# Queen mating



## AndrewSchwab (Dec 9, 2005)

So how cold of temp have people seen a queen be mated? I asked because for some reason 1 hive decided to dump there queen and raise a few new ones. The temps are only getting into the mid 50's during the day. To make matters worse there are not alot of drones out yet either. 

Hoping that at least one of the queens will be mated to tie hive over until new queens come in the mail.


----------



## Michael Bush (Aug 2, 2002)

Flying weather for a queen to mate is at least 50 F and that's pretty iffy. You also have to have drones.


----------



## Hook (Jun 2, 2002)

Well I don't know how your climate runs, but in PA, I think it is way to early. My bees have flown, but there is not a whole lot out there to gather. I saw them bringing in pollen, probably from pussy willow trees, but thats about it. I usually wait until the dandilion flow starts. By the time the queen is ready to mate, there are more than enough drones.


----------



## tarheit (Mar 26, 2003)

Everything I've read indicates it needs to be 68-69 degrees for mating queens. I suppose they might fly when it's a bit cooler, but it would have to be very calm and sunny.

You may have some luck though, if they are just cells now they have some time before they hatch, then the queen can wait several weeks before the weather breaks before mating. They only need a day or two of good flying weather.

-Tim


----------



## HarryVanderpool (Apr 11, 2005)

>>>>then the queen can wait several weeks before the weather breaks before mating. They only need a day or two of good flying weather.<<<<

Not to flame you Tim, but are you sure about that?
I have asked about the length of time a virgin can be confined due to bad weather and have been told that after 2 weeks; its over.
She'll start gaining weight and shooting blanks.
We need to confirm the "right" answer on this.
It's important.
Thanx!


----------



## Dick Allen (Sep 4, 2004)

FWIW, Mark Winston writes in his 'Biology of the Honey Bee':

"Queens can postpone mating flights for up to 4 weeks after their emergence if weather conditions do not permit flight, but beyond that time they begin to degenerate and lay drone eggs."

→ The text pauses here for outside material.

(* Fix a scalar $\theta$ and $h,g\in\mathcal{F}$. Assume there exist $\mu_h,\mu_g\in\mathcal{F}$ such that for every bounded $\gamma:\mathcal{A}\times\mathcal{X}\to\mathbb{R}$, $$\tfrac{d}{d\tau}\mathbb{E}[m(a,x;\theta,h+\tau\gamma,g)]\big|_{\tau=0}=\mathbb{E}[\mu_h(a,x)\gamma(a,x)],\qquad \tfrac{d}{d\tau}\mathbb{E}[m(a,x;\theta,h,g+\tau\gamma)]\big|_{\tau=0}=\mathbb{E}[\mu_g(a,x)\gamma(a,x)].$$ Let $\lambda_h,\lambda_g\in\mathcal{F}$ be the unique fixed points of $\Gamma^\dagger_h[f](a,x):=-\mu_h(a,x)+\beta\mathbb{E}[f(a^-,x^-)\mid a,x]$ and $\Gamma^\dagger_g[f](a,x):=-\mu_g(a,x)+\beta\mathbb{E}[f(a^-,x^-)\mid a,x]$ respectively, and define $$\zeta(a,x;\theta,h,g):=m(a,x;\theta,h,g)-\lambda_h(a,x)\{z(a,x)+\beta h(a',x')-h(a,x)\}-\lambda_g(a,x)\{e(a',x')+\beta g(a',x')-g(a,x)\}.$$ Then for every bounded $\gamma$, $$\tfrac{d}{d\tau}\mathbb{E}[\zeta(a,x;\theta,h+\tau\gamma,g)]\big|_{\tau=0}=0\quad\text{and}\quad\tfrac{d}{d\tau}\mathbb{E}[\zeta(a,x;\theta,h,g+\tau\gamma)]\big|_{\tau=0}=0.$$
   Context: $\mathcal{A}$ is a finite action set, $\mathcal{X}$ a state space, $\beta\in(0,1)$. $(a,x,a',x')$ has joint law $\mathbb{P}$ (expectation $\mathbb{E}$), $(a',x')$ being the pair one period after $(a,x)$; stationarity holds, and $(a^-,x^-)$ denotes the pair one period before $(a,x)$, so that $(a^-,x^-,a,x)$ has the same joint law as $(a,x,a',x')$. $\mathcal{F}$ is the space of square-integrable functions on $\mathcal{A}\times\mathcal{X}$ under the law of $(a,x)$. $z:\mathcal{A}\times\mathcal{X}\to\mathbb{R}$ is bounded and $e:\mathcal{A}\times\mathcal{X}\to\mathbb{R}$ is bounded (in the paper $e(a,x)=\gamma_{\rm Euler}-\ln\mathbb{P}(a\mid x)$). For functions $h,g$, $m(a,x;\theta,h,g):=\partial_\theta\ln\pi_{\theta,h,g}(a,x)$ with $\pi_{\theta,h,g}(a,x):=\exp\{h(a,x)\theta+g(a,x)\}/\sum_{\breve a\in\mathcal{A}}\exp\{h(\breve a,x)\theta+g(\breve a,x)\}$. *)

theory Defs
  imports "HOL-Probability.Probability"
begin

Winston also writes the desirable weather conditions for mating flight include temperature above 20º C, little cloud cover, and winds less than 20-28 km/hr.


----------



## Dick Allen (Sep 4, 2004)

....but then Ronald Ribbands ('The Behaviour and Social Life of Honeybees') writes that Huber in 1792 noted virgins which mated when they were over 21 days old became drone-layers.

[ March 24, 2006, 01:00 AM: Message edited by: Dick Allen ]


----------



## Finman (Nov 5, 2004)

There is no clear line or upp to point. Difficulties start from 3 weeks old and become bigger.

After one month possibilities are very bad. In some point queen starts to lay eggs.

There are situations too, that some queens do mating flight if tempereture is 18-20C and most do not.


----------



## TwT (Aug 5, 2004)

wouldn't all this depend on what temps drone's fly, I'm sure queens will not fly without drones being in the air, it would be a waste of energy and time.... so what temps have any of you seen drone's fly?????


----------



## TwT (Aug 5, 2004)

let me rephrase that, queens might fly without drones in the air, think this happened to me this year, had a vergin queen hatch before any of my hives had any drones.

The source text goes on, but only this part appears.